I think it's a language barrier - as you (and I) are not native english 
speakers we tend to put a different emphasis on words.
What may look perfectly polite to you could be a big insult to a french
or japanese speaker ...

That being said, I'd interpret what you've written as mildly
condescending too.


> > 3) Assumption that sunrise will just be a dumping ground, without any
> > form of maintainance is implicit here- if it becomes as such, already
> > was stated it would get wedgied by the council.  So that leaves the
> > angle of "they don't have a security team", which implies to actually
> > handle nuking vulnerable ebuilds, one has to have a security team
> > (obviously false).
> 
> Dumping ground or not. It's easy to miss vulnerability notices. Especially, 
> if 
> you don't have guys who expclicitly care for it. And you need a security team 
> to announce issue to the user base. I wouldn't use Gentoo, if we not had such 
> a hard and good working security team.
> 
I wonder if all inofficial overlays and bugs are always updated?
Sunrise is still young, but the way they've handled bugreports makes me
quite confident that they'll be able to handle security issues when they
have reached a stable and sustainable size. 
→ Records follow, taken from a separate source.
lemma fspan_Pint_coords_vanish_at_dvec:
  assumes "\<phi> \<in> fspan X {(\<lambda>x. ecoord \<zeta> (Pint Gamma i E x)) | \<zeta> E. \<zeta> \<in> A \<and> nat_interval E}"
    and "\<gamma> \<in> \<Gamma>" "\<And>\<zeta>. \<zeta> \<in> A \<Longrightarrow> dv \<gamma> \<zeta> = 0"
  shows "\<phi> (dv \<gamma>) = 0"
proof (rule fspan_vanishing[OF assms(1) dvec_in_X[OF assms(2)]])
  fix f assume "f \<in> {(\<lambda>x. ecoord \<zeta> (Pint Gamma i E x)) | \<zeta> E. \<zeta> \<in> A \<and> nat_interval E}"
  then obtain \<zeta> E where "\<zeta> \<in> A" "f = (\<lambda>x. ecoord \<zeta> (Pint Gamma i E x))" by blast
  then show "f (dv \<gamma>) = 0"
    using Pint_dvec_proportional[OF assms(2), of E] assms(3) by (auto simp: ecoord_def)
qed

lemma mem_Delta_Suc_iff: "1 \<le> q \<Longrightarrow> \<eta> \<in> Delta Gamma (Suc q) \<longleftrightarrow> \<eta> \<in> \<Gamma> \<and> lev \<eta> = Suc q"
  using mem_BD_GammaI[of "Suc q" \<eta>] mem_Gamma_iff_level_le[of \<eta> q] mem_Gamma_iff_level_le[of \<eta> "Suc q"]
  by (auto simp: Delta_def)

text \<open>Unitriangularity: d_g vanishes at every other point of level \<le> lev g, so testing on d_g
  for a nonzero coefficient c g of maximal level isolates c g.\<close>
lemma dvec_triangular:
  assumes "finite S" "S \<subseteq> \<Gamma>" "\<And>\<gamma>. \<gamma> \<in> S \<Longrightarrow> (\<Sum>z\<in>S. c z * dv \<gamma> z) = 0" "z \<in> S"
  shows "c z = 0"
proof (rule ccontr)
  let ?T = "{y \<in> S. c y \<noteq> 0}"
  assume "c z \<noteq> 0"
  then have T: "finite ?T" "?T \<noteq> {}" using assms(1,4) by auto
  obtain g where g: "g \<in> ?T" and lev_g: "Max (lev ` ?T) = lev g" using obtains_MAX[OF T] .
  have g_max: "lev y \<le> lev g" if "y \<in> ?T" for y
    using Max_ge[OF finite_imageI[OF T(1)] imageI[OF that, of lev]] lev_g by simp
  have "(\<Sum>y\<in>S - {g}. c y * dv g y) = 0"
  proof (rule sum.neutral, rule ballI)
    fix y assume "y \<in> S - {g}"
    then show "c y * dv g y = 0"
      using g g_max[of y] dvec_eq_0[of g y] assms(2) by (cases "c y = 0") auto
  qed
  then have "(\<Sum>y\<in>S. c y * dv g y) = c g * dv g g"
    using sum.remove[OF assms(1), of g "\<lambda>y. c y * dv g y"] g by simp
  also have "\<dots> = c g" using dvec_self g assms(2) by auto
  finally show False using assms(3) g by simp
qed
> > Besides... frankly it's kind of BS to push the vuln angle onto sunrise
> > when gentoo can't even clean out years old vulnerable packages from
> > gentoo-x86 (that doesn't absolve sunrise from having to watch it, nor
> > a potshot at the understaffed security team, merely that double
> > standards suck).
> 
> Interesting to see you state this. Because this is a far more serious 
> problem, 
> than supporting "everything" possible; And Sunrise won't fix this either - if 
> not the opposite. One of the goals of Sunrise is to recruit new devs. But we 
> don't need new devs to add new packages primarily, we more to maintain 
> existing and not so fancy stuff and to clean out the tree.
> 
How do you train devs?
Also, who is only working on the things he did when he initially became
dev?

[snip]
> Your list is rubbish. There're stable versions for all security wise 
> supported 
> architectures and the relevant GLSA's. If users don't use them, it's their 
> local problem.
If users use sunrise it's their local problem, too. 
> 
> > > > And... just cause I'm mildly sick of this bullshit,
> > >
> > > And I'm sick of people, who miss the point.
> >
> > As stated above, be concise then.  Your points came out of pretty
> > much nowhere, poorly communicated, and rather vague in actually
> > backing them up.  Which... at least from the "backing up the
> > complaints", has been the theme for the screaming folk thus far.
> 
> Do I have to learn you to read? See above.
^^ that is really condescending. 


> > So someone goes and breaks something in gentoo-x86 that breaks
> > something for sunrise.  Fine, it's sunrises' mess to clean up; they've
> > volunteered to do this work, I don't see how you can claim it as a
> > negative when they've accepted it as part of _their_ work.
> 
> The problems will pile up in bugs.g.o and "usally" with the wrong addressee. 
> This has been every now and then the case with other overlays as well as 
> users of distros building on Gentoo. I can live with that to a degree. But 
> when we do this mess ourselves, it get's highly annoying.
Hmmm?
The problem with most other overlays is that they also may have updated
or patched versions of in-tree applications. Most problems that you
claim should not happen in sunrise.

> > Granted, they may give you the finger and quit, or your remaining
> > fellow devs may rightfully boot you for playing games, but the point
> > stands- they stepped up to do the work, including cleaning up
> > anything y'all may break for them.
> 
> You're doing it again. No I'm not playig games with you. I have reasonable 
> complaints and consider this sort of overlay a failure. Then an extra 
> development tree would be much better.

I still fail to see what your issues with it are. All the points you
stated are either invalid or not an issue from my p.o.v.

> 
> > You're not limited- they're the ones limited via trying to not step on
> > gentoo-x86's toes.  How is that a negative then?
> 
> I fear for the security of our user base, especially the lazy, uneducated 
> ricers and how this wll reflect on Gentoo's reputation as a whole. 
What is Gentoo's reputation? I mean ... people have said this a few
times, but has anyone just asked a random subset of linux users how they
see Gentoo?

I guess having a reputation of being bleeding edge, having fast-paced
development (with many transient bugs because of the rapid pace of
change) and being really easy to use conflicts really hard with Sunrise,
right?

> I fear 
> more annoying, invalid bug reports. I don't see any benefit for the existing 
> tree or Gentoo as a whole.
So ignore it. You don't have to use it, but you're trying to limit other
devs and users (who may become devs) in their freedom to work on any
aspect of gentoo they like. 
Ebuilds rotting for years in bugzilla (and bugzilla can be quite
confusing to use) can not be better than a maintained overlay where
people even review ebuilds for mistakes. I wonder why you're implicitly
advocating the worse policy, that (from my point of view) is silly and
more damaging to Gentoo, if anything is getting damaged at all.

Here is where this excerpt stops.